Marina critica mudança no projeto Ficha Limpa

Marina Silva também voltou a criticar a retirada do nome do deputado Ciro Gomes (PSB-CE) da disputa pela Presidência

ELIANA LIMA, Agência Estado

21 Maio 2010 | 13h31

SALVADOR - Pela primeira vez na Bahia desde a sua indicação como pré-candidata do Partido Verde à Presidência da República, a senadora Marina Silva criticou, em entrevista coletiva na manhã desta sexta-feira, 21, a mudança redacional apresentada pelo senador Francisco Dornelles (PP-RJ) no projeto Ficha Limpa.

 

"Eu diria que essa questão foi um verdadeiro gatilho, porque a compreensão que se tinha era de que estava mantida a coerência do projeto.

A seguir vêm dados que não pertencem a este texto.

lemma L_paths_eq: "L_paths p q = {L_path p q, L_path q p}"
  unfolding L_paths_def L_path_def by (simp add: closed_segment_commute Un_commute)

lemma L_paths_aligned:
  assumes "fst p = fst q \<or> snd p = snd q"
  shows "L_paths p q = {closed_segment p q}"
proof -
  have "(fst q, snd p) = p \<and> (fst p, snd q) = q \<or> (fst q, snd p) = q \<and> (fst p, snd q) = p"
    using assms by (auto simp: prod_eq_iff)
  then show ?thesis
    unfolding L_paths_def by (auto simp: closed_segment_commute insert_absorb)
qed

definition grid_symmetry :: "(pt \<Rightarrow> pt) \<Rightarrow> bool" where
  "grid_symmetry f \<longleftrightarrow> linear f \<and> (\<forall>z. f (f z) = z) \<and>
     (\<forall>p q. fst (f p) = fst (f q) \<or> snd (f p) = snd (f q) \<longleftrightarrow> fst p = fst q \<or> snd p = snd q) \<and>
     (\<forall>p q. L_paths (f p) (f q) = (`) f ` L_paths p q)"

lemma grid_symmetry_swap: "grid_symmetry prod.swap"
proof -
  have "linear (prod.swap :: pt \<Rightarrow> pt)" by (rule linearI) auto
  moreover have "L_paths (prod.swap p) (prod.swap q) = (`) prod.swap ` L_paths p q" for p q :: pt
    unfolding L_paths_def
    by (simp add: closed_segment_linear_image[OF \<open>linear prod.swap\<close>, symmetric] image_Un
        closed_segment_commute Un_commute insert_commute)
  ultimately show ?thesis unfolding grid_symmetry_def by auto
qed

lemma grid_symmetry_reflect: "grid_symmetry (apsnd uminus)"
proof -
  have "linear (apsnd uminus :: pt \<Rightarrow> pt)" by (rule linearI) auto
  moreover have "L_paths (apsnd uminus p) (apsnd uminus q) = (`) (apsnd uminus) ` L_paths p q"
    for p q :: pt
    unfolding L_paths_def
    by (simp add: closed_segment_linear_image[OF \<open>linear (apsnd uminus)\<close>, symmetric] image_Un)
  ultimately show ?thesis unfolding grid_symmetry_def by auto
qed

lemma involution_image_iff: "(\<And>z. f (f z) = z) \<Longrightarrow> z \<in> f ` A \<longleftrightarrow> f z \<in> A"
  by (metis image_eqI imageE)

lemma involution_image_image: "(\<And>z. f (f z) = z) \<Longrightarrow> f ` f ` A = A"
  by (simp add: image_image)

context
  fixes f :: "pt \<Rightarrow> pt"
  assumes f: "grid_symmetry f"
begin

lemma grid_symmetry_involution: "f (f z) = z"
  using f unfolding grid_symmetry_def by blast

lemma grid_symmetry_inj: "inj f"
  by (rule injI) (metis grid_symmetry_involution)

lemma grid_symmetry_segment: "f ` closed_segment u v = closed_segment (f u) (f v)"
  using f unfolding grid_symmetry_def by (simp add: closed_segment_linear_image)

lemma grid_symmetry_interior: "interior (f ` W) = f ` interior W"
  using f grid_symmetry_inj unfolding grid_symmetry_def
  by (simp add: interior_injective_linear_image)

lemma ortho_convex_grid_symmetry_image:
  assumes "ortho_convex W"
  shows "ortho_convex (f ` W)"
  unfolding ortho_convex_def
proof (intro ballI impI)
  fix p' q' assume "p' \<in> f ` W" "q' \<in> f ` W" and aligned: "fst p' = fst q' \<or> snd p' = snd q'"
  then obtain p q where pq: "p \<in> W" "q \<in> W" "p' = f p" "q' = f q" by blast
  then have "fst p = fst q \<or> snd p = snd q"
    using f aligned unfolding grid_symmetry_def by blast
  then have "closed_segment p q \<subseteq> W" using assms pq(1,2) unfolding ortho_convex_def by blast
  then have "f ` closed_segment p q \<subseteq> f ` W" by (rule image_mono)
  then show "closed_segment p' q' \<subseteq> f ` W"
    using pq(3,4) grid_symmetry_segment by simp
qed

Tanto, que as próprias pessoas que participaram do movimento pela aprovação não tinham conhecimento dessa mudança. O senador Dornelles (Francisco Dornelles (PP-RJ) fez ali um gatilho e ficou uma questão bem delicada porque, agora, tudo o que tínhamos para comemorar acabou inviabilizado", opinou.

 

A pré-candidata afirmou que, a despeito das mudanças no projeto, o seu partido não permitirá a candidatura de pessoas que já tenham sido condenados em segunda instância na Justiça já nessas eleições de outubro próximo.

 

A mudança implementada pelo senador abriu uma brecha para candidatos com ficha suja. A expressão "os que tenham sido condenados", foi substituída pela "os que forem condenados", retardando a medida para aplicação em casos que venham ocorrer após somente após a sanção presidencial.

 

Marina Silva também voltou a criticar a retirada do nome do deputado Ciro Gomes (PSB-CE) da disputa pela Presidência e negou que já tenha pedido o apoio dele sua candidatura. "Estou respeitando o momento do Ciro, mas fiquei muito feliz de a mulher dele, a Patrícia Pilar ter dito que está comigo".

 

Conforme a pré-candidata, é importante para a democracia que a população conte com um amplo leque de candidatos. "Eu acho que o Ciro deveria ser candidato, mesmo concorrendo comigo, porque no primeiro turno a população tem a possibilidade de escolher quem é melhor para o Brasil. No segundo turno a escolha é quem é menos pior para o Brasil", comentou.

 

Ela disse ainda que respeita a decisão do grupo de ex-integrante do Partido Verde, que formarão o partido Livre, de declarar apoio à candidatura da petista Dilma Rousseff. "Respeito a decisão deles. Democracia é assim".

 

A senadora negou ter uma postura de discriminação à população gay. "Respeito a todos na sua condição e dignidade humana", afirmou, defendendo a aplicação, pelo Estado, de políticas públicas para todos, embora tenha ressaltado que não usa de demagogia, nem levantaria a bandeira gay. "Procuro ser coerente com as minhas crenças".

 

Logo cedo a senadora se encontrou reservadamente com o arcebispo de Salvador e primaz do Brasil, cardeal D. Geraldo Majella Agnelo, e com o bispo-auxiliar D. Carlos Petrini, com quem, segundo ela, tratou sobre questões ligadas à saúde e educação, duas preocupações dos religiosos.

 

Agora à tarde, ela segue para a Associação Comercial da Bahia, onde fará palestra, e à noite, na Câmara de Vereadores, participa de sessão especial em homenagem à igreja Assembleia de Deus. No sábado, 22, a senadora prestigiará o lançamento das pré-candidaturas de Luís Bassuma para o governo do Estado e de Edson Duarte para o Senado pelo PV.